PACKAGE STATUS STATE AUTO_RUN NODE
pkg1 up running enabled vrishabh

Policy_Parameters:
POLICY_NAME CONFIGURED_VALUE
Failover configured_node
Failback manual

Node_Switching_Parameters:
NODE_TYPE STATUS SWITCHING NAME
Primary up enabled mesha
Alternate up enabled vrishabh (current)
#
Stephen Doud
Honored Contributor

Re: Serviceguard and file system monitoring

Serviceguard does not inately detect a file system disconnect, ie: it does not initially monitor mount points or disks.
If you wish to create such a monitor, refer to the Managing Serviceguard manual. Edition 16, http://docs.hp.com/en/B3936-90140/B3936-90140.pdf page 46 bottom discusses this, "Monitoring LVM Disks Through Event Monitoring Service" and "Monitoring VxVM and CVM Disks"

LVM-based file systems require the installation of the EMS HA Monitors product and configuration of a monitor. (Do 'resls /dev//pv_summary')

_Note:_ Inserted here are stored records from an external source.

(* Suppose the description of $K$ contains a ball constraint, i.e. $g_m(x)=R^2-\sum_{i=1}^n x_i^2$ for some real $R$. Then for every integer $d\ge d_{\min}$, every feasible point $y=(y_\alpha)_{|\alpha|\le 2d}$ of $P_d$ satisfies $$\sqrt{\textstyle\sum_{|\alpha|\le 2d} y_\alpha^2}\;\le\;\sqrt{\binom{n+d}{n}}\;\sum_{k=0}^{d}R^{2k},$$ i.e. the feasible set of $P_d$ is contained in the Euclidean ball of that radius centered at the origin.
   Context: Polynomial optimization problem: minimize $f(x)=\sum_\alpha f_\alpha x^\alpha$ over $x\in\mathbb R^n$ subject to $g_i(x)=\sum_\alpha g_{i,\alpha}x^\alpha\ge 0$, $i=1,\dots,m$, with $f,g_i$ real polynomials; $x^\alpha=x_1^{\alpha_1}\cdots x_n^{\alpha_n}$, $|\alpha|=\sum_i\alpha_i$; $K=\{x: g_i(x)\ge0,\ i=1,\dots,m\}$. Set $g_0:=1$ and let $d_i$ be the smallest integer $\ge \deg(g_i)/2$, $i=0,\dots,m$; $d_{\min}:=\max_{i}d_i$ (and assume $\deg f\le 2d$). For $y=(y_\alpha)_{|\alpha|\le 2d}$ the localizing matrix is $M_{d-d_i}(g_iy):=\big(\sum_\gamma g_{i,\gamma}y_{\alpha+\beta+\gamma}\big)_{|\alpha|,|\beta|\le d-d_i}$, and $M_d(y):=M_d(g_0y)$. The primal problem $P_d$ is: $\inf_y \sum_\alpha f_\alpha y_\alpha$ subject to $y_0=1$ and $M_{d-d_i}(g_iy)\succeq 0$ for $i=0,1,\dots,m$ (real symmetric positive semidefiniteness). *)

theory Defs
  imports Complex_Main
begin

text \<open>Multivariate polynomials in the variables x_0,...,x_{n-1} are represented by
  their coefficient functions on multi-indices. A multi-index is a function
  alpha :: nat => nat vanishing outside {0..<n}; x^alpha = prod x_i^(alpha i).\<close>

type_synonym mindex = "nat \<Rightarrow> nat"
type_synonym rpoly = "mindex \<Rightarrow> real"

definition mdeg :: "mindex \<Rightarrow> nat \<Rightarrow> nat" where
  "mdeg \<alpha> n = (\<Sum>i<n. \<alpha> i)"

definition mindices :: "nat \<Rightarrow> nat \<Rightarrow> mindex set" where
  "mindices n k = {\<alpha>. (\<forall>i\<ge>n. \<alpha> i = 0) \<and> mdeg \<alpha> n \<le> k}"

definition madd :: "mindex \<Rightarrow> mindex \<Rightarrow> mindex" where
  "madd \<alpha> \<beta> = (\<lambda>j. \<alpha> j + \<beta> j)"

definition mzero :: mindex where
  "mzero = (\<lambda>_. 0)"

definition is_poly :: "nat \<Rightarrow> rpoly \<Rightarrow> bool" where
  "is_poly n p \<longleftrightarrow> finite {\<alpha>. p \<alpha> \<noteq> 0} \<and> (\<forall>\<alpha>. p \<alpha> \<noteq> 0 \<longrightarrow> (\<forall>i\<ge>n. \<alpha> i = 0))"

text \<open>Total degree (the zero polynomial gets degree 0).\<close>
definition pdeg :: "nat \<Rightarrow> rpoly \<Rightarrow> nat" where
  "pdeg n p = Max (insert 0 ((\<lambda>\<alpha>. mdeg \<alpha> n) ` {\<alpha>. p \<alpha> \<noteq> 0}))"

definition halfdeg :: "nat \<Rightarrow> rpoly \<Rightarrow> nat" where
  "halfdeg n p = (pdeg n p + 1) div 2"

definition one_poly :: rpoly where
  "one_poly \<alpha> = (if \<alpha> = mzero then 1 else 0)"

definition ball_poly :: "nat \<Rightarrow> real \<Rightarrow> rpoly" where
  "ball_poly n R \<alpha> =
     (if \<alpha> = mzero then R\<^sup>2
      else if (\<exists>i<n. \<alpha> = (\<lambda>j. if j = i then 2 else 0)) then -1 else 0)"

definition locmat :: "nat \<Rightarrow> rpoly \<Rightarrow> (mindex \<Rightarrow> real) \<Rightarrow> mindex \<Rightarrow> mindex \<Rightarrow> real" where
  "locmat n g y \<alpha> \<beta> = (\<Sum>\<gamma>\<in>mindices n (pdeg n g). g \<gamma> * y (madd (madd \<alpha> \<beta>) \<gamma>))"

definition psd_on :: "mindex set \<Rightarrow> (mindex \<Rightarrow> mindex \<Rightarrow> real) \<Rightarrow> bool" where
  "psd_on A M \<longleftrightarrow> (\<forall>v :: mindex \<Rightarrow> real. 0 \<le> (\<Sum>\<alpha>\<in>A. \<Sum>\<beta>\<in>A. v \<alpha> * M \<alpha> \<beta> * v \<beta>))"

definition gpoly :: "(nat \<Rightarrow> rpoly) \<Rightarrow> nat \<Rightarrow> rpoly" where
  "gpoly g i = (if i = 0 then one_poly else g i)"

definition d_min :: "nat \<Rightarrow> (nat \<Rightarrow> rpoly) \<Rightarrow> nat \<Rightarrow> nat" where
  "d_min n g m = Max ((\<lambda>i. halfdeg n (gpoly g i)) ` {0..m})"

definition feasible_Pd :: "nat \<Rightarrow> (nat \<Rightarrow> rpoly) \<Rightarrow> nat \<Rightarrow> nat \<Rightarrow> (mindex \<Rightarrow> real) \<Rightarrow> bool" where
  "feasible_Pd n g m d y \<longleftrightarrow>
     y mzero = 1 \<and>
     (\<forall>i\<in>{0..m}. psd_on (mindices n (d - halfdeg n (gpoly g i))) (locmat n (gpoly g i) y))"

end

theory Submission
  imports Defs
begin

text \<open>The Hankel matrix M_d(y) is positive semidefinite, so its entries are dominated by its
  diagonal: y_(a+b)^2 \<le> y_(2a) y_(2b). Since every multi-index of degree \<le> 2d splits as a+b
  with a, b of degree \<le> d, the Euclidean norm of y is at most the Frobenius norm of M_d(y),
  which is at most its trace T_d = \<Sum>_{|a|\<le>d} y_(2a). The diagonal of the localizing matrix of
  the ball constraint gives \<Sum>_i y_(2a+2e_i) \<le> R^2 y_(2a); as every nonzero multi-index of
  degree \<le> k+1 has the form a+e_i with |a| \<le> k, this yields T_(k+1) \<le> 1 + R^2 T_k, hence
  T_d \<le> \<Sum>_{k\<le>d} R^(2k).\<close>

lemma finite_mindices: "finite (mindices n k)"
proof -
  let ?f = "\<lambda>xs::nat list. \<lambda>i. if i < length xs then xs ! i else 0"
  have "mindices n k \<subseteq> ?f ` {xs. set xs \<subseteq> {..k} \<and> length xs = n}"
  proof
    fix \<alpha> assume "\<alpha> \<in> mindices n k"
    hence zero: "\<forall>i\<ge>n. \<alpha> i = 0" and deg: "(\<Sum>i<n. \<alpha> i) \<le> k"
      by (auto simp: mindices_def mdeg_def)
    have "\<alpha> i \<le> k" if "i < n" for i
      using member_le_sum[of i "{..<n}" \<alpha>] that deg by auto
    moreover have "\<alpha> = ?f (map \<alpha> [0..<n])"
      using zero by (auto simp: fun_eq_iff)
    ultimately show "\<alpha> \<in> ?f ` {xs. set xs \<subseteq> {..k} \<and> length xs = n}"
      by (intro image_eqI[of _ _ "map \<alpha> [0..<n]"]) auto
  qed
  moreover have "finite {xs. set xs \<subseteq> {..k} \<and> length xs = n}"
    by (rule finite_lists_length_eq) auto
  ultimately show ?thesis
    by (meson finite_surj)
qed

lemma mindices_0: "mindices n 0 = {mzero}"
  by (auto simp: mindices_def mdeg_def mzero_def fun_eq_iff) (meson lessThan_iff not_le)

lemma mindices_0_vars: "mindices 0 k = {mzero}"
  by (auto simp: mindices_def mdeg_def mzero_def fun_eq_iff)

lemma mzero_in_mindices: "mzero \<in> mindices n k"
  by (simp add: mindices_def mdeg_def mzero_def)

lemma mindices_mono: "k \<le> k' \<Longrightarrow> mindices n k \<subseteq> mindices n k'"
  by (auto simp: mindices_def)

lemma mdeg_mzero: "mdeg mzero n = 0"
  by (simp add: mdeg_def mzero_def)

lemma mdeg_madd: "mdeg (madd \<alpha> \<beta>) n = mdeg \<alpha> n + mdeg \<beta> n"
  by (simp add: mdeg_def madd_def sum.distrib)

lemma madd_mzero [simp]: "madd \<alpha> mzero = \<alpha>"
  by (simp add: madd_def mzero_def)

lemma madd_commute: "madd \<alpha> \<beta> = madd \<beta> \<alpha>"
  by (simp add: madd_def add.commute)

definition munit :: "nat \<Rightarrow> mindex" where
  "munit i = (\<lambda>j. if j = i then 1 else 0)"

lemma mdeg_munit: "i < n \<Longrightarrow> mdeg (munit i) n = 1"
  by (simp add: mdeg_def munit_def)

lemma madd_munit_in_mindices:
  "\<alpha> \<in> mindices n k \<Longrightarrow> i < n \<Longrightarrow> madd \<alpha> (munit i) \<in> mindices n (Suc k)"
  by (auto simp: mindices_def mdeg_madd mdeg_munit) (auto simp: madd_def munit_def)

lemma mindices_Suc_pos_subset:
  assumes "i < n"
  shows "{\<alpha> \<in> mindices n (Suc k). 0 < \<alpha> i} \<subseteq> (\<lambda>\<alpha>. madd \<alpha> (munit i)) ` mindices n k"
proof
  fix \<beta> assume \<beta>: "\<beta> \<in> {\<alpha> \<in> mindices n (Suc k). 0 < \<alpha> i}"
  define \<alpha> where "\<alpha> = (\<lambda>j. \<beta> j - munit i j)"
  have \<beta>_eq: "\<beta> = madd \<alpha> (munit i)"
    using \<beta> by (auto simp: \<alpha>_def madd_def munit_def fun_eq_iff)
  hence "mdeg \<beta> n = mdeg \<alpha> n + 1"
    using assms by (simp add: mdeg_madd mdeg_munit)
  with \<beta> have "\<alpha> \<in> mindices n k"
    by (auto simp: mindices_def \<alpha>_def)
  with \<beta>_eq show "\<beta> \<in> (\<lambda>\<alpha>. madd \<alpha> (munit i)) ` mindices n k"
    by blast
qed

text \<open>Every nonzero multi-index of degree \<le> k+1 arises from one of degree \<le> k by raising
  some positive coordinate; overcounting is harmless since the summand is nonnegative.\<close>

lemma sum_mindices_Suc_le:
  fixes D :: "mindex \<Rightarrow> real"
  assumes nonneg: "\<And>\<alpha>. \<alpha> \<in> mindices n (Suc k) \<Longrightarrow> 0 \<le> D \<alpha>"
  shows "(\<Sum>\<alpha>\<in>mindices n (Suc k). D \<alpha>)
           \<le> D mzero + (\<Sum>\<alpha>\<in>mindices n k. \<Sum>i<n. D (madd \<alpha> (munit i)))"
proof -
  let ?B = "mindices n (Suc k) - {mzero}"
  have "(\<Sum>\<alpha>\<in>?B. D \<alpha>) \<le> (\<Sum>\<alpha>\<in>?B. \<Sum>i<n. if 0 < \<alpha> i then D \<alpha> else 0)"
  proof (rule sum_mono)
    fix \<alpha> assume \<alpha>: "\<alpha> \<in> ?B"
    then obtain i where i: "i < n" "0 < \<alpha> i"
      by (auto simp: mindices_def mzero_def fun_eq_iff) (metis gr0I not_le)
    have "D \<alpha> = (if 0 < \<alpha> i then D \<alpha> else 0)"
      using i by simp
    also have "\<dots> \<le> (\<Sum>i<n. if 0 < \<alpha> i then D \<alpha> else 0)"
      by (rule member_le_sum) (use i \<alpha> nonneg in auto)
    finally show "D \<alpha> \<le> (\<Sum>i<n. if 0 < \<alpha> i then D \<alpha> else 0)" .
  qed
  also have "\<dots> = (\<Sum>i<n. \<Sum>\<alpha>\<in>?B. if 0 < \<alpha> i then D \<alpha> else 0)"
    by (rule sum.swap)
  also have "\<dots> = (\<Sum>i<n. \<Sum>\<alpha>\<in>{\<alpha> \<in> ?B. 0 < \<alpha> i}. D \<alpha>)"
    by (intro sum.cong refl sum.inter_filter[symmetric]) (simp add: finite_mindices)
  also have "\<dots> \<le> (\<Sum>i<n. \<Sum>\<alpha>\<in>(\<lambda>\<alpha>. madd \<alpha> (munit i)) ` mindices n k. D \<alpha>)"
  proof (rule sum_mono, rule sum_mono2)
    fix i assume "i \<in> {..<n}"
    thus "{\<alpha> \<in> ?B. 0 < \<alpha> i} \<subseteq> (\<lambda>\<alpha>. madd \<alpha> (munit i)) ` mindices n k"
      using mindices_Suc_pos_subset[of i n k] by blast
    show "0 \<le> D \<alpha>" if "\<alpha> \<in> (\<lambda>\<alpha>. madd \<alpha> (munit i)) ` mindices n k - {\<alpha> \<in> ?B. 0 < \<alpha> i}" for \<alpha>
      using that \<open>i \<in> {..<n}\<close> madd_munit_in_mindices nonneg by blast
  qed (simp add: finite_mindices)
  also have "\<dots> = (\<Sum>\<alpha>\<in>mindices n k. \<Sum>i<n. D (madd \<alpha> (munit i)))"
    by (subst sum.swap, rule sum.cong[OF refl], rule sum.reindex_cong[of "\<lambda>\<alpha>. madd \<alpha> (munit i)" for i])
       (auto simp: inj_on_def madd_def fun_eq_iff)
  finally show ?thesis
    by (simp add: sum.remove[OF finite_mindices mzero_in_mindices])
qed
lemma divisor_conv_1_5_3_3:
  "12096 * divisor_conv 1 5 K - 57600 * divisor_conv 3 3 K =
     504 * real (sigma 5 K) + 24 * real (sigma 1 K) + 480 * real (sigma 3 K)
       - 1008 * real K * real (sigma 5 K)"
proof (cases "K = 0")
  case False
  define \<Psi> :: "nat \<Rightarrow> nat \<Rightarrow> real" where
    "\<Psi> m n = 2016 * (real m ^ 6 + real n ^ 6) + 6048 * (real m ^ 5 * real n + real m * real n ^ 5)
       - 23760 * (real m ^ 4 * real n ^ 2 + real m ^ 2 * real n ^ 4)
       - 57600 * real m ^ 3 * real n ^ 3" for m n
  have "12096 * divisor_conv 1 5 K - 57600 * divisor_conv 3 3 K =
      (\<Sum>(m,n,x,y)\<in>mxny_reps K. 12096 * real m * real n ^ 5 - 57600 * real m ^ 3 * real n ^ 3)"
    by (simp add: divisor_conv_eq_sum_mxny_reps sum_subtractf sum_distrib_left split_def mult.assoc)
  also have "\<dots> = (\<Sum>d | d dvd K.
      (real (K div d) - 1)
        * (12096 * real d * real d ^ 5 - 57600 * real d ^ 3 * real d ^ 3 - 1/2 * \<Psi> d d)
        + 1/2 * (\<Sum>m\<in>{0<..<d}. \<Psi> m (d - m)))"
    using False
    by (intro sum_mxny_reps_by_kernel) (auto simp: \<Psi>_def of_nat_diff algebra_simps eval_nat_numeral)
  also have "\<dots> =
      (\<Sum>d | d dvd K.
        504 * real d ^ 5 + 24 * real d + 480 * real d ^ 3 - 1008 * real K * real d ^ 5)"
  proof (intro sum.cong refl)
    fix d assume "d \<in> {d. d dvd K}"
    with False have d: "0 < d" "real K = real d * real (K div d)"
      by (auto intro!: Nat.gr0I simp flip: of_nat_mult)
    have "(\<Sum>m\<in>{0<..<d}. \<Psi> m (d - m)) =
        (\<Sum>m\<in>{0<..<d}. 2016 * real d ^ 6 + (- 6048 * real d ^ 4) * (real m * (real d - real m))
          + (- 29808 * real d ^ 2) * (real m * (real d - real m)) ^ 2
          + (- 2016) * (real m * (real d - real m)) ^ 3)"
      by (intro sum.cong refl) (auto simp: \<Psi>_def of_nat_diff algebra_simps eval_nat_numeral)
    then show "(real (K div d) - 1)
          * (12096 * real d * real d ^ 5 - 57600 * real d ^ 3 * real d ^ 3 - 1/2 * \<Psi> d d)
        + 1/2 * (\<Sum>m\<in>{0<..<d}. \<Psi> m (d - m))
        = 504 * real d ^ 5 + 24 * real d + 480 * real d ^ 3 - 1008 * real K * real d ^ 5"
      unfolding d(2) sum_mult_complement_poly[OF d(1)]
      by (simp add: \<Psi>_def field_simps eval_nat_numeral)
  qed
  finally show ?thesis
    by (simp add: sigma_def sum_subtractf sum.distrib sum_distrib_left)
qed (simp add: divisor_conv_def)


section \<open>Ramanujan's identities for \<open>q\<close>-expansions\<close>

definition sigma_fps :: "nat \<Rightarrow> complex fps" where
  "sigma_fps r = Abs_fps (\<lambda>n. of_nat (sigma r n))"

definition E2_fps :: "complex fps" where "E2_fps = 1 - 24 * sigma_fps 1"
definition E4_fps :: "complex fps" where "E4_fps = 1 + 240 * sigma_fps 3"
definition E6_fps :: "complex fps" where "E6_fps = 1 - 504 * sigma_fps 5"

lemma sigma_fps_nth [simp]: "sigma_fps r $ n = of_nat (sigma r n)"
  by (simp add: sigma_fps_def)

lemma sigma_fps_mult_nth [simp]: "(sigma_fps a * sigma_fps b) $ K = of_real (divisor_conv a b K)"
  by (simp add: fps_mult_nth divisor_conv_def)

lemma fps_XD_E2_fps: "12 * fps_XD E2_fps = E2_fps ^ 2 - E4_fps"
proof (rule fps_ext)
  fix K
  have "E2_fps ^ 2 - E4_fps =
      576 * (sigma_fps 1 * sigma_fps 1) - 48 * sigma_fps 1 - 240 * sigma_fps 3"
    by (simp add: E2_fps_def E4_fps_def algebra_simps power2_eq_square)
  then have "(E2_fps ^ 2 - E4_fps) $ K =
      of_real (576 * divisor_conv 1 1 K - 48 * real (sigma 1 K) - 240 * real (sigma 3 K))"
    by (simp add: numeral_fps_const)
  also have "\<dots> = of_real (- 288 * real K * real (sigma 1 K))"
    using divisor_conv_1_1[of K] by (intro arg_cong[where f = of_real]) simp
  also have "\<dots> = (12 * fps_XD E2_fps) $ K"
    by (simp add: E2_fps_def numeral_fps_const)
  finally show "(12 * fps_XD E2_fps) $ K = (E2_fps ^ 2 - E4_fps) $ K" ..
qed

lemma fps_XD_E4_fps: "3 * fps_XD E4_fps = E2_fps * E4_fps - E6_fps"
proof (rule fps_ext)
  fix K
  have "E2_fps * E4_fps - E6_fps =
      240 * sigma_fps 3 - 24 * sigma_fps 1 - 5760 * (sigma_fps 1 * sigma_fps 3) + 504 * sigma_fps 5"
    by (simp add: E2_fps_def E4_fps_def E6_fps_def algebra_simps)
  then have "(E2_fps * E4_fps - E6_fps) $ K =
      of_real (240 * real (sigma 3 K) - 24 * real (sigma 1 K)
        - 5760 * divisor_conv 1 3 K + 504 * real (sigma 5 K))"
    by (simp add: numeral_fps_const)
  also have "\<dots> = of_real (720 * real K * real (sigma 3 K))"
    using divisor_conv_1_3[of K] by (intro arg_cong[where f = of_real]) simp
  also have "\<dots> = (3 * fps_XD E4_fps) $ K"
    by (simp add: E4_fps_def numeral_fps_const)
  finally show "(3 * fps_XD E4_fps) $ K = (E2_fps * E4_fps - E6_fps) $ K" ..
qed

lemma fps_XD_E6_fps: "2 * fps_XD E6_fps = E2_fps * E6_fps - E4_fps ^ 2"
proof (rule fps_ext)
  fix K
  have "E2_fps * E6_fps - E4_fps ^ 2 =
      12096 * (sigma_fps 1 * sigma_fps 5) - 57600 * (sigma_fps 3 * sigma_fps 3)
        - 504 * sigma_fps 5 - 24 * sigma_fps 1 - 480 * sigma_fps 3"
    by (simp add: E2_fps_def E4_fps_def E6_fps_def algebra_simps power2_eq_square)
  then have "(E2_fps * E6_fps - E4_fps ^ 2) $ K =
      of_real (12096 * divisor_conv 1 5 K - 57600 * divisor_conv 3 3 K
        - 504 * real (sigma 5 K) - 24 * real (sigma 1 K) - 480 * real (sigma 3 K))"
    by (simp add: numeral_fps_const)
  also have "\<dots> = of_real (- 1008 * real K * real (sigma 5 K))"
    using divisor_conv_1_5_3_3[of K] by (intro arg_cong[where f = of_real]) simp
  also have "\<dots> = (2 * fps_XD E6_fps) $ K"
    by (simp add: E6_fps_def numeral_fps_const)
  finally show "(2 * fps_XD E6_fps) $ K = (E2_fps * E6_fps - E4_fps ^ 2) $ K" ..
qed


section \<open>Convergence on the unit disc\<close>

lemma fps_conv_radius_le_of_norm_le:
  fixes F G :: "'a::{banach, real_normed_div_algebra} fps"
  assumes "\<And>n. norm (F $ n) \<le> norm (G $ n)"
  shows "fps_conv_radius G \<le> fps_conv_radius F"
  unfolding fps_conv_radius_def
proof (rule conv_radius_geI_ex')
  fix r :: real assume "0 < r" "ereal r < conv_radius (fps_nth G)"
  then have "summable (\<lambda>n. norm (G $ n * of_real r ^ n))"
    by (intro norm_summable_fps) (simp add: fps_conv_radius_def)
  then show "summable (\<lambda>n. F $ n * of_real r ^ n)"
    by (rule summable_comparison_test[rotated])
       (use \<open>0 < r\<close> assms in \<open>auto simp: norm_mult norm_power intro!: mult_right_mono\<close>)
qed

lemma fps_conv_radius_fps_XD:
  fixes F :: "'a::{banach, real_normed_field} fps"
  shows "fps_conv_radius F \<le> fps_conv_radius (fps_XD F)"
  using fps_conv_radius_mult[of fps_X "fps_deriv F"] fps_conv_radius_deriv[of F]
  by (simp add: fps_XD_def)

lemma fps_conv_radius_geometric:
  "1 \<le> fps_conv_radius (Abs_fps (\<lambda>_. 1 :: 'a::{banach, real_normed_field}))"
  unfolding fps_conv_radius_def
proof (rule conv_radius_geI_ex')
  fix r :: real assume "0 < r" "ereal r < 1"
  then show "summable (\<lambda>n. Abs_fps (\<lambda>_. 1 :: 'a) $ n * of_real r ^ n)"
    using summable_geometric[of "of_real r :: 'a"] by simp
qed

lemma fps_conv_radius_of_nat_power:
  "1 \<le> fps_conv_radius (Abs_fps (\<lambda>n. of_nat n ^ p :: 'a::{banach, real_normed_field}))"
proof -
  have "Abs_fps (\<lambda>n. of_nat n ^ p :: 'a) = (fps_XD ^^ p) (Abs_fps (\<lambda>_. 1))"
    by (simp add: fps_mult_fps_XD_shift)
  also have "fps_conv_radius (Abs_fps (\<lambda>_. 1 :: 'a)) \<le> fps_conv_radius \<dots>"
    by (induction p) (auto intro: order.trans[OF _ fps_conv_radius_fps_XD])
  finally show ?thesis
    using fps_conv_radius_geometric order.trans by blast
qed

However, be advised that such a monitor will require that, upon detection of a disconnected file system, a forced core dump/system reboot because HP-UX does not have the ability to umount a file system that is not reachable. This reboot will of course cause the package failover, which will get the file systems up on the other node (assuming the redundant disk connections are intact on the other node).

Anbalaga
New Member

Re: Serviceguard and file system monitoring

Thanks for the info. I will look into event monitoring of disk details.